SAMSUNG GALAXY GEAR 2
Unlike the Galaxy Gear which is primarily a smartwatch, the Gear 2 does everything a smart-watch does alongside its function as a pedometer, heart rate monitor and being an all round fitness bracelet. You can even download the relevant 3rd party apps to your Galaxy S5 and swap information with fellow users in order to compete for the best results.
BASIS B1 BAND
The Basis B1 might not have the sleek styling of the Gear 2, but many critics would argue that its functionality might surpass its rival. As well as having the normal activity sensors, it also measures perspiration and skin temperature. Additionally, it measures your sleeping activity automatically, so you know how much REM sleep you’ve had in comparison to light sleep and how many times you’ve been disturbed. The Basis also focuses on facets such as resting heart rate and stress levels – health bracelets aren’t always just about fitness!

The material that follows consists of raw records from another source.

(* Let $G=(V,\widetilde V,\mathcal E)$ be a bipartite graph with $V=\{v_1,\dots,v_r\}$, $\widetilde V=\{\tilde v_1,\dots,\tilde v_s\}$, $r\le s$, $\mathcal E\subseteq V\times\widetilde V$. Define structured matrices $\bar A\in\{0,*\}^{(s+2)\times(s+2)}$, $\bar B\in\{0,*\}^{(s+2)\times s}$, $\bar C\in\{0,*\}^{r\times(s+2)}$, $\bar K\in\{0,*\}^{s\times r}$ by: $\bar A_{ij}=*$ iff ($i=2$) or ($j=2$) or ($i\in\{3,\dots,s-r+2\}$ and $j\in\{3,\dots,s+2\}$); $\bar B_{ij}=*$ iff $i\in\{s-r+3,\dots,s+2\}$ (any $j$); $\bar C_{ij}=*$ iff $j\in\{3,\dots,s+2\}$ (any $i$); $\bar K_{ij}=*$ iff $(v_j,\tilde v_i)\in\mathcal E$. If $G$ has a perfect matching (a matching of size $r$), then the closed-loop system bipartite graph $\mathcal B(\bar A,\bar B,\bar C,\bar K)$ has a perfect matching.
   Context: A structured matrix has entries in $\{0,*\}$. For $\bar A\in\{0,*\}^{n\times n}$, $\bar B\in\{0,*\}^{n\times m}$, $\bar C\in\{0,*\}^{p\times n}$, $\bar K\in\{0,*\}^{m\times p}$, the closed-loop system bipartite graph $\mathcal B(\bar A,\bar B,\bar C,\bar K)$ has left vertex set $\{x'_1,\dots,x'_n,u'_1,\dots,u'_m,y'_1,\dots,y'_p\}$, right vertex set $\{x_1,\dots,x_n,u_1,\dots,u_m,y_1,\dots,y_p\}$, and edges: $(x'_j,x_i)$ iff $\bar A_{ji}=*$; $(x'_i,u_j)$ iff $\bar B_{ij}=*$; $(y'_j,x_i)$ iff $\bar C_{ji}=*$; $(u'_i,y_j)$ iff $\bar K_{ij}=*$ (these are the feedback edges, set $\mathcal E_K$); $(u'_i,u_i)$ for all $i\le m$; $(y'_i,y_i)$ for all $i\le p$. A perfect matching is a matching covering every left vertex (both sides have $n+m+p$ vertices). *)

theory Defs
  imports Main
begin

text \<open>Structured matrices over {0,*} are represented as boolean functions of
(1-based) row and column index: True means *, False means 0.\<close>
type_synonym smat = "nat \<Rightarrow> nat \<Rightarrow> bool"

definition is_matching :: "('a \<times> 'b) set \<Rightarrow> ('a \<times> 'b) set \<Rightarrow> bool" where
  "is_matching E M \<longleftrightarrow> M \<subseteq> E \<and>
     (\<forall>(a,b)\<in>M. \<forall>(a',b')\<in>M. (a = a' \<longleftrightarrow> b = b'))"

text \<open>The same constructors are used
for left vertices (x'_i, u'_i, y'_i) and right vertices (x_i, u_i, y_i); the side is
determined by the position in the edge pair (left, right).\<close>
datatype node = X nat | U nat | Y nat

definition cl_left :: "nat \<Rightarrow> nat \<Rightarrow> nat \<Rightarrow> node set" where
  "cl_left n m p = X ` {1..n} \<union> U ` {1..m} \<union> Y ` {1..p}"

definition cl_edges :: "nat \<Rightarrow> nat \<Rightarrow> nat \<Rightarrow> smat \<Rightarrow> smat \<Rightarrow> smat \<Rightarrow> smat \<Rightarrow> (node \<times> node) set" where
  "cl_edges n m p A B C K =
     {(X j, X i) | i j. j \<in> {1..n} \<and> i \<in> {1..n} \<and> A j i}
   \<union> {(X i, U j) | i j. i \<in> {1..n} \<and> j \<in> {1..m} \<and> B i j}
   \<union> {(Y j, X i) | i j. j \<in> {1..p} \<and> i \<in> {1..n} \<and> C j i}
   \<union> {(U i, Y j) | i j. i \<in> {1..m} \<and> j \<in> {1..p} \<and> K i j}
   \<union> {(U i, U i) | i. i \<in> {1..m}}
   \<union> {(Y i, Y i) | i. i \<in> {1..p}}"

definition cl_has_perfect_matching :: "nat \<Rightarrow> nat \<Rightarrow> nat \<Rightarrow> smat \<Rightarrow> smat \<Rightarrow> smat \<Rightarrow> smat \<Rightarrow> bool" where
  "cl_has_perfect_matching n m p A B C K \<longleftrightarrow>
     (\<exists>M. is_matching (cl_edges n m p A B C K) M \<and>
          (\<forall>l\<in>cl_left n m p. \<exists>r. (l, r) \<in> M))"

end

theory Submission
  imports Defs
begin

text \<open>Let \<sigma> be the injection {1..r} \<rightarrow> {1..s} given by the matching of G. The closed-loop
  matching pairs x'_1 and x'_2 crosswise with x_2 and x_1, shifts x'_3, ..., x'_(s-r+2)
  by r, sends y'_j to x_(j+2), sends x'_(s-r+2+j) to u_(\<sigma> j), and sends u'_i to the feedback
  partner y_j with \<sigma> j = i when i is matched and to u_i otherwise.\<close>

lemma is_matching_graph:
  assumes "inj_on f L" and "\<And>l. l \<in> L \<Longrightarrow> (l, f l) \<in> E"
  shows "is_matching E ((\<lambda>l. (l, f l)) ` L)"
  using assms unfolding is_matching_def inj_on_def by auto

lemma cl_has_perfect_matching_if_inj_on:
  assumes "inj_on f (cl_left n m p)"
    and "\<And>l. l \<in> cl_left n m p \<Longrightarrow> (l, f l) \<in> cl_edges n m p A B C K"
  shows "cl_has_perfect_matching n m p A B C K"
  unfolding cl_has_perfect_matching_def using is_matching_graph[OF assms] by blast

lemma is_matching_card_eq_obtains_inj:
  assumes "finite L" and "fst ` E \<subseteq> L" and "is_matching E M" and "card M = card L"
  obtains \<sigma> where "inj_on \<sigma> L" and "\<And>l. l \<in> L \<Longrightarrow> (l, \<sigma> l) \<in> E"
proof -
  have M_E: "M \<subseteq> E"
    and M_inj: "\<And>a b a' b'. (a, b) \<in> M \<Longrightarrow> (a', b') \<in> M \<Longrightarrow> a = a' \<longleftrightarrow> b = b'"
    using assms(3) unfolding is_matching_def by blast+
  have "inj_on fst M"
    using M_inj by (auto simp: inj_on_def)
  then have "card (fst ` M) = card L"
    using assms(4) by (simp add: card_image)
  moreover have "fst ` M \<subseteq> L"
    using M_E assms(2) by blast
  ultimately have "fst ` M = L"
    using assms(1) by (simp add: card_subset_eq)
  then have covered: "\<exists>b. (l, b) \<in> M" if "l \<in> L" for l
    using that by force
  define \<sigma> where "\<sigma> l = (SOME b. (l, b) \<in> M)" for l
  have \<sigma>_M: "(l, \<sigma> l) \<in> M" if "l \<in> L" for l
    unfolding \<sigma>_def using someI_ex[OF covered[OF that]] .
  have "inj_on \<sigma> L"
    using \<sigma>_M M_inj by (metis inj_onI)
  with \<sigma>_M M_E show thesis
    using that by blast
qed

definition cl_match :: "nat \<Rightarrow> nat \<Rightarrow> (nat \<Rightarrow> nat) \<Rightarrow> node \<Rightarrow> node" where
  "cl_match r s \<sigma> l = (case l of
      X i \<Rightarrow> if i = 1 then X 2 else if i = 2 then X 1
             else if i \<le> s - r + 2 then X (i + r) else U (\<sigma> (i - (s - r + 2)))
    | U i \<Rightarrow> if i \<in> \<sigma> ` {1..r} then Y (inv_into {1..r} \<sigma> i) else U i
    | Y j \<Rightarrow> X (j + 2))"

definition cl_match_inv :: "nat \<Rightarrow> nat \<Rightarrow> (nat \<Rightarrow> nat) \<Rightarrow> node \<Rightarrow> node" where
  "cl_match_inv r s \<sigma> l = (case l of
      X i \<Rightarrow> if i = 1 then X 2 else if i = 2 then X 1
             else if i \<le> r + 2 then Y (i - 2) else X (i - r)
    | U i \<Rightarrow> if i \<in> \<sigma> ` {1..r} then X (s - r + 2 + inv_into {1..r} \<sigma> i) else U i
    | Y j \<Rightarrow> U (\<sigma> j))"

lemma cl_match_inv_cl_match:
  assumes "r \<le> s" and "inj_on \<sigma> {1..r}" and "l \<in> cl_left (s + 2) s r"
  shows "cl_match_inv r s \<sigma> (cl_match r s \<sigma> l) = l"
proof (cases l)
  case (X i)
  show ?thesis
  proof (cases "i \<le> s - r + 2")
    case True
    moreover have "i \<ge> 1"
      using X assms(3) by (auto simp: cl_left_def)
    ultimately show ?thesis
      using X by (auto simp: cl_match_def cl_match_inv_def)
  next
    case False
    with X assms(1,3) have "i - (s - r + 2) \<in> {1..r}"
      by (auto simp: cl_left_def)
    then show ?thesis
      using X False assms(1,2) by (auto simp: cl_match_def cl_match_inv_def)
  qed
next
  case (U i)
  then show ?thesis
    by (auto simp: cl_match_def cl_match_inv_def f_inv_into_f)
next
  case (Y j)
  then show ?thesis
    using assms(3) by (auto simp: cl_left_def cl_match_def cl_match_inv_def)
qed

lemma inj_on_cl_match:
  assumes "r \<le> s" and "inj_on \<sigma> {1..r}"
  shows "inj_on (cl_match r s \<sigma>) (cl_left (s + 2) s r)"
  using cl_match_inv_cl_match[OF assms] by (rule inj_on_inverseI)

lemma cl_match_edge:
  assumes "r \<le> s" and "E \<subseteq> {1..r} \<times> {1..s}" and "\<And>j. j \<in> {1..r} \<Longrightarrow> (j, \<sigma> j) \<in> E"
    and "l \<in> cl_left (s + 2) s r"
  shows "(l, cl_match r s \<sigma> l) \<in> cl_edges (s + 2) s r
           (\<lambda>i j. i = 2 \<or> j = 2 \<or> (i \<in> {3..s - r + 2} \<and> j \<in> {3..s + 2}))
           (\<lambda>i j. i \<in> {s - r + 3..s + 2})
           (\<lambda>i j. j \<in> {3..s + 2})
           (\<lambda>i j. (j, i) \<in> E)"
proof (cases l)
  case (X i)
  with assms(4) have i: "i \<in> {1..s + 2}"
    by (auto simp: cl_left_def)
  show ?thesis
  proof (cases "i \<le> s - r + 2")
    case True
    with X i assms(1) show ?thesis
      by (auto simp: cl_match_def cl_edges_def)
  next
    case False
    with i assms(1) have "i - (s - r + 2) \<in> {1..r}"
      by auto
    then have "\<sigma> (i - (s - r + 2)) \<in> {1..s}"
      using assms(2,3) by blast
    with X i False show ?thesis
      by (auto simp: cl_match_def cl_edges_def)
  qed
next
  case (U i)
  with assms(4) have i: "i \<in> {1..s}"
    by (auto simp: cl_left_def)
  show ?thesis
  proof (cases "i \<in> \<sigma> ` {1..r}")
    case True
    define j where "j = inv_into {1..r} \<sigma> i"
    have j: "j \<in> {1..r}" "\<sigma> j = i"
      unfolding j_def using True by (rule inv_into_into, rule f_inv_into_f)
    then have "(j, i) \<in> E"
      using assms(3) by blast
    moreover have "cl_match r s \<sigma> l = Y j"
      using U True by (simp add: cl_match_def j_def)
    ultimately show ?thesis
      using U i j by (auto simp: cl_edges_def)
  next
    case False
    with U i show ?thesis
      by (auto simp: cl_match_def cl_edges_def)
  qed
next
  case (Y j)
  with assms(1,4) show ?thesis
    by (auto simp: cl_left_def cl_match_def cl_edges_def)
qed

theorem lemma1:
  fixes r s :: nat and E :: "(nat \<times> nat) set"
  assumes "r \<le> s"
    and "E \<subseteq> {1..r} \<times> {1..s}"
    and "\<exists>M. is_matching E M \<and> card M = r"
  shows "cl_has_perfect_matching (s + 2) s r
           (\<lambda>i j. i = 2 \<or> j = 2 \<or> (i \<in> {3..s - r + 2} \<and> j \<in> {3..s + 2}))
           (\<lambda>i j. i \<in> {s - r + 3..s + 2})
           (\<lambda>i j. j \<in> {3..s + 2})
           (\<lambda>i j. (j, i) \<in> E)"
proof -
  obtain M where "is_matching E M" and "card M = card {1..r}"
    using assms(3) by auto
  moreover have "fst ` E \<subseteq> {1..r}"
    using assms(2) by auto
  ultimately obtain \<sigma> where "inj_on \<sigma> {1..r}" and "\<And>j. j \<in> {1..r} \<Longrightarrow> (j, \<sigma> j) \<in> E"
    using is_matching_card_eq_obtains_inj by blast
  then show ?thesis
    using assms(1,2)
    by (intro cl_has_perfect_matching_if_inj_on[where f = "cl_match r s \<sigma>"] inj_on_cl_match
        cl_match_edge)
qed

end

This is a nice looking device which measures steps, elevation (for hill walking, cycling etc.), heart-rate and sleep levels. The device is only 8 grams in weight and has a neat touchscreen display; it’s definitely worth downloading the relevant apps for both iOS and Android. The company’s site challenges you to beat the WHO’s 10,000 steps a day recommendation and this is exactly where devices like these come in handy.
For an excellent budget version of these devices, you might wish to try the Fitbit Zip. The Zip is a small clip-on device which can be synched via Bluetooth on certain Samsung phones or through a USB adaptor. The Zip is marketed as a real everyday device for normal life and surprisingly allows you to do most of the things that its more advanced counterparts achieve. If these devices are purely about motivation and quantifying the fitness experience, you could do a lot worse than the Fitbit Zip.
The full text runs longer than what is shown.